Het hof heeft aan het einde van de zitting het onderzoek gesloten.

1.9.

Van de zitting is een proces-verbaal opgemaakt, dat gelijktijdig met de uitspraak aan partijen wordt verzonden.

2 Feiten

2.1.

Belanghebbende is eigenaar van de onroerende zaak, een woning, gelegen in [woonplaats] . Het betreft een geschakelde woning uit 1973 met garage en met berging. De inhoud van de onroerende zaak is ongeveer 378 m3 en de oppervlakte van het perceel is ongeveer 693 m2.

2.2.

De waarde van de onroerende zaak is door de heffingsambtenaar per de waardepeildatum 1 januari 2018 (hierna: de waardepeildatum) vastgesteld op € 276.000. Bij uitspraak op bezwaar heeft de heffingsambtenaar de waarde van de woning en de aanslag gehandhaafd.

2.3.

De heffingsambtenaar heeft ter onderbouwing van de vastgestelde waarde een taxatierapport overgelegd, opgemaakt op 18 juli 2019 door taxateur [heffingsambtenaar 2] . In het taxatierapport is de waarde van de onroerende zaak getaxeerd op € 287.000. In de waardematrix (hierna: de matrix), die is opgenomen in het taxatierapport, zijn de volgende - allen in [woonplaats] gelegen - vergelijkingsobjecten opgenomen:

- [adres 2] , verkoopdatum [maart] 2017, verkoopprijs € 275.000;- [adres 3] , verkoopdatum [september] 2017, verkoopprijs € 310.000;- [adres 4] , verkoopdatum [november] 2017, verkoopprijs € 299.500.

De heffingsambtenaar heeft een extra overzicht (hierna: het aanvullende overzicht) in het taxatierapport opgenomen waarin de onroerende zaak is vergeleken met nabij gelegen vergelijkingsobjecten waarvan de verkoopdata verder van de peildatum zijn gelegen. Het taxatierapport bevat verder een luchtfoto, kadastrale kenmerken en foto’s van de onroerende zaak en beschrijvingen met foto’s van de referentieobjecten.

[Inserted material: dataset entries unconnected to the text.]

(* Let $u,v,w$ be unit vectors in an inner product space (over $\mathbb{R}$ or $\mathbb{C}$). Then for every real $k\ge2$, $$\sqrt[k]{1-|\langle u,v\rangle|^k}\le\sqrt[k]{1-|\langle u,w\rangle|^k}+\sqrt[k]{1-|\langle w,v\rangle|^k};$$ in particular $$\sqrt{1-|\langle u,v\rangle|^2}\le\sqrt{1-|\langle u,w\rangle|^2}+\sqrt{1-|\langle w,v\rangle|^2}.$$ The same inequalities hold with $|\operatorname{Re}\langle\cdot,\cdot\rangle|$ in place of $|\langle\cdot,\cdot\rangle|$. *)

theory Defs
  imports "HOL-Analysis.Analysis"
begin

text \<open>A complex inner product space: an abelian group 'a with a complex scalar
multiplication sc making it a vector space over the complex numbers, and a
function ip that is linear in the first argument, conjugate symmetric and
positive definite.  (HOL-Analysis only provides real inner product spaces,
class real_inner.)\<close>

definition complex_inner_product_space ::
  "(complex \<Rightarrow> 'a::ab_group_add \<Rightarrow> 'a) \<Rightarrow> ('a \<Rightarrow> 'a \<Rightarrow> complex) \<Rightarrow> bool" where
  "complex_inner_product_space sc ip \<longleftrightarrow>
     vector_space sc \<and>
     (\<forall>x y z. ip (x + y) z = ip x z + ip y z) \<and>
     (\<forall>c x y. ip (sc c x) y = c * ip x y) \<and>
     (\<forall>x y. ip y x = cnj (ip x y)) \<and>
     (\<forall>x. 0 \<le> Re (ip x x)) \<and>
     (\<forall>x. ip x x = 0 \<longrightarrow> x = 0)"

end

theory Submission
  imports Defs
begin

text \<open>
  Write a = \<bar>\<langle>u,w\<rangle>\<bar>, b = \<bar>\<langle>w,v\<rangle>\<bar>, c = \<bar>\<langle>u,v\<rangle>\<bar> (or the absolute values of
  the real parts).  These are cosines of angles \<alpha>, \<beta>, \<gamma> in [0,\<pi>/2], and the
  geometric input is the angle triangle inequality in cosine form,
  a b - sin \<alpha> sin \<beta> \<le> c, obtained from Cauchy-Schwarz applied to the components
  of u and v orthogonal to w.  From it, elementary real analysis gives
  sin \<gamma> \<le> sin \<alpha> + sin \<beta>, and for k \<ge> 2 the same for the "k-sine"
  (1 - cos^k \<theta>)^(1/k), which as a function of sin \<theta> is increasing, dominates the
  identity and is subadditive (its ratio to the argument is nonincreasing).
\<close>

section \<open>The k-sine function\<close>

text \<open>For p \<ge> 1 the gap r^p - (r - 1)^p grows with r \<ge> 1, since the derivative
  p (r^(p-1) - (r - 1)^(p-1)) is nonnegative.\<close>
lemma powr_gap_mono:
  fixes p r1 r2 :: real
  assumes "1 \<le> r1" "r1 \<le> r2" "1 \<le> p"
  shows "r1 powr p - (r1 - 1) powr p \<le> r2 powr p - (r2 - 1) powr p"
proof (rule DERIV_nonneg_imp_increasing_open[OF assms(2)])
  fix x assume x: "r1 < x" "x < r2"
  have "DERIV (\<lambda>x. x powr p - (x - 1) powr p) x :> p * x powr (p - 1) - p * (x - 1) powr (p - 1) * 1"
    using x assms by (auto intro!: derivative_eq_intros)
  moreover have "p * (x - 1) powr (p - 1) \<le> p * x powr (p - 1)"
    using x assms by (intro mult_left_mono powr_mono2) auto
  ultimately show "\<exists>y. DERIV (\<lambda>x. x powr p - (x - 1) powr p) x :> y \<and> y \<ge> 0" by auto
next
  show "continuous_on {r1..r2} (\<lambda>x. x powr p - (x - 1) powr p)"
    using assms by (auto intro!: continuous_intros continuous_on_powr')
qed

text \<open>Substituting r = 1/s: the ratio (1 - (1 - s)^p) / s^p is nonincreasing on
  (0,1], written here without division.\<close>
lemma powr_complement_ratio_antimono:
  fixes p s1 s2 :: real
  assumes "0 < s1" "s1 \<le> s2" "s2 \<le> 1" "1 \<le> p"
  shows "s1 powr p * (1 - (1 - s2) powr p) \<le> s2 powr p * (1 - (1 - s1) powr p)"
proof -
  have rescale: "s powr p * ((1/s) powr p - (1/s - 1) powr p) = 1 - (1 - s) powr p"
    if "0 < s" "s \<le> 1" for s
  proof -
    have "s powr p * (1/s - 1) powr p = (s * (1/s - 1)) powr p"
      using that by (subst powr_mult) auto
    also have "s * (1/s - 1) = 1 - s" using that by (simp add: field_simps)
    finally have "s powr p * (1/s - 1) powr p = (1 - s) powr p" .
    moreover have "s powr p * (1/s) powr p = 1" using that by (simp add: powr_divide)
    ultimately show ?thesis by (simp add: right_diff_distrib)
  qed
  have gap: "(1/s2) powr p - (1/s2 - 1) powr p \<le> (1/s1) powr p - (1/s1 - 1) powr p"
    using assms by (intro powr_gap_mono) (auto simp: field_simps)
  have "s1 powr p * (1 - (1 - s2) powr p)
        = s1 powr p * s2 powr p * ((1/s2) powr p - (1/s2 - 1) powr p)"
    using rescale[of s2] assms by simp
  also have "\<dots> \<le> s1 powr p * s2 powr p * ((1/s1) powr p - (1/s1 - 1) powr p)"
    using gap by (intro mult_left_mono) auto
  also have "\<dots> = s2 powr p * (1 - (1 - s1) powr p)"
    using rescale[of s1] assms by simp
  finally show ?thesis .
qed

text \<open>If s = sin \<theta> with \<theta> \<in> [0,\<pi>/2], then ksine k s = (1 - cos^k \<theta>)^(1/k).\<close>
definition ksine :: "real \<Rightarrow> real \<Rightarrow> real" where
  "ksine k s = (1 - (1 - s\<^sup>2) powr (k/2)) powr (1/k)"

lemma ksine_radicand_nonneg:
  fixes s k :: real
  assumes "0 \<le> s" "s \<le> 1" "2 \<le> k"
  shows "0 \<le> 1 - (1 - s\<^sup>2) powr (k/2)"
proof -
  have "(1 - s\<^sup>2) powr (k/2) \<le> (1 - s\<^sup>2) powr 1"
    using assms by (intro powr_mono') (auto simp: power_le_one)
  also have "\<dots> \<le> 1" using assms by (simp add: abs_le_iff power_le_one)
  finally show ?thesis by simp
qed

lemma ksine_nonneg: "0 \<le> ksine k s"
  by (simp add: ksine_def)

lemma ksine_one: "2 \<le> k \<Longrightarrow> ksine k 1 = 1"
  by (simp add: ksine_def)

lemma ksine_of_cosine:
  assumes "0 \<le> a" "a \<le> 1" "2 \<le> k"
  shows "(1 - a powr k) powr (1/k) = ksine k (sqrt (1 - a\<^sup>2))"
proof -
  have "(a\<^sup>2) powr (k/2) = a powr k"
  proof (cases "a = 0")
    case False
    then have "a powr k = (a powr 2) powr (k/2)" by (simp add: powr_powr)
    then show ?thesis using assms by simp
  qed (use assms in simp)
  moreover have "(sqrt (1 - a\<^sup>2))\<^sup>2 = 1 - a\<^sup>2" using assms by (simp add: power_le_one)
  ultimately show ?thesis unfolding ksine_def by simp
qed

lemma ksine_le_one:
  assumes "0 \<le> s" "s \<le> 1" "2 \<le> k"
  shows "ksine k s \<le> 1"
  unfolding ksine_def using ksine_radicand_nonneg[OF assms] assms by (intro powr_le1) auto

3 Geschil en conclusies van partijen

3.1.

In geschil is of de WOZ-waarde te hoog is vastgesteld.

3.2.

Belanghebbende concludeert tot vernietiging van de uitspraak van de rechtbank, vernietiging van de uitspraak op bezwaar en vermindering van de WOZ-waarde naar € 259.000. De heffingsambtenaar concludeert tot bevestiging van de uitspraak van de rechtbank.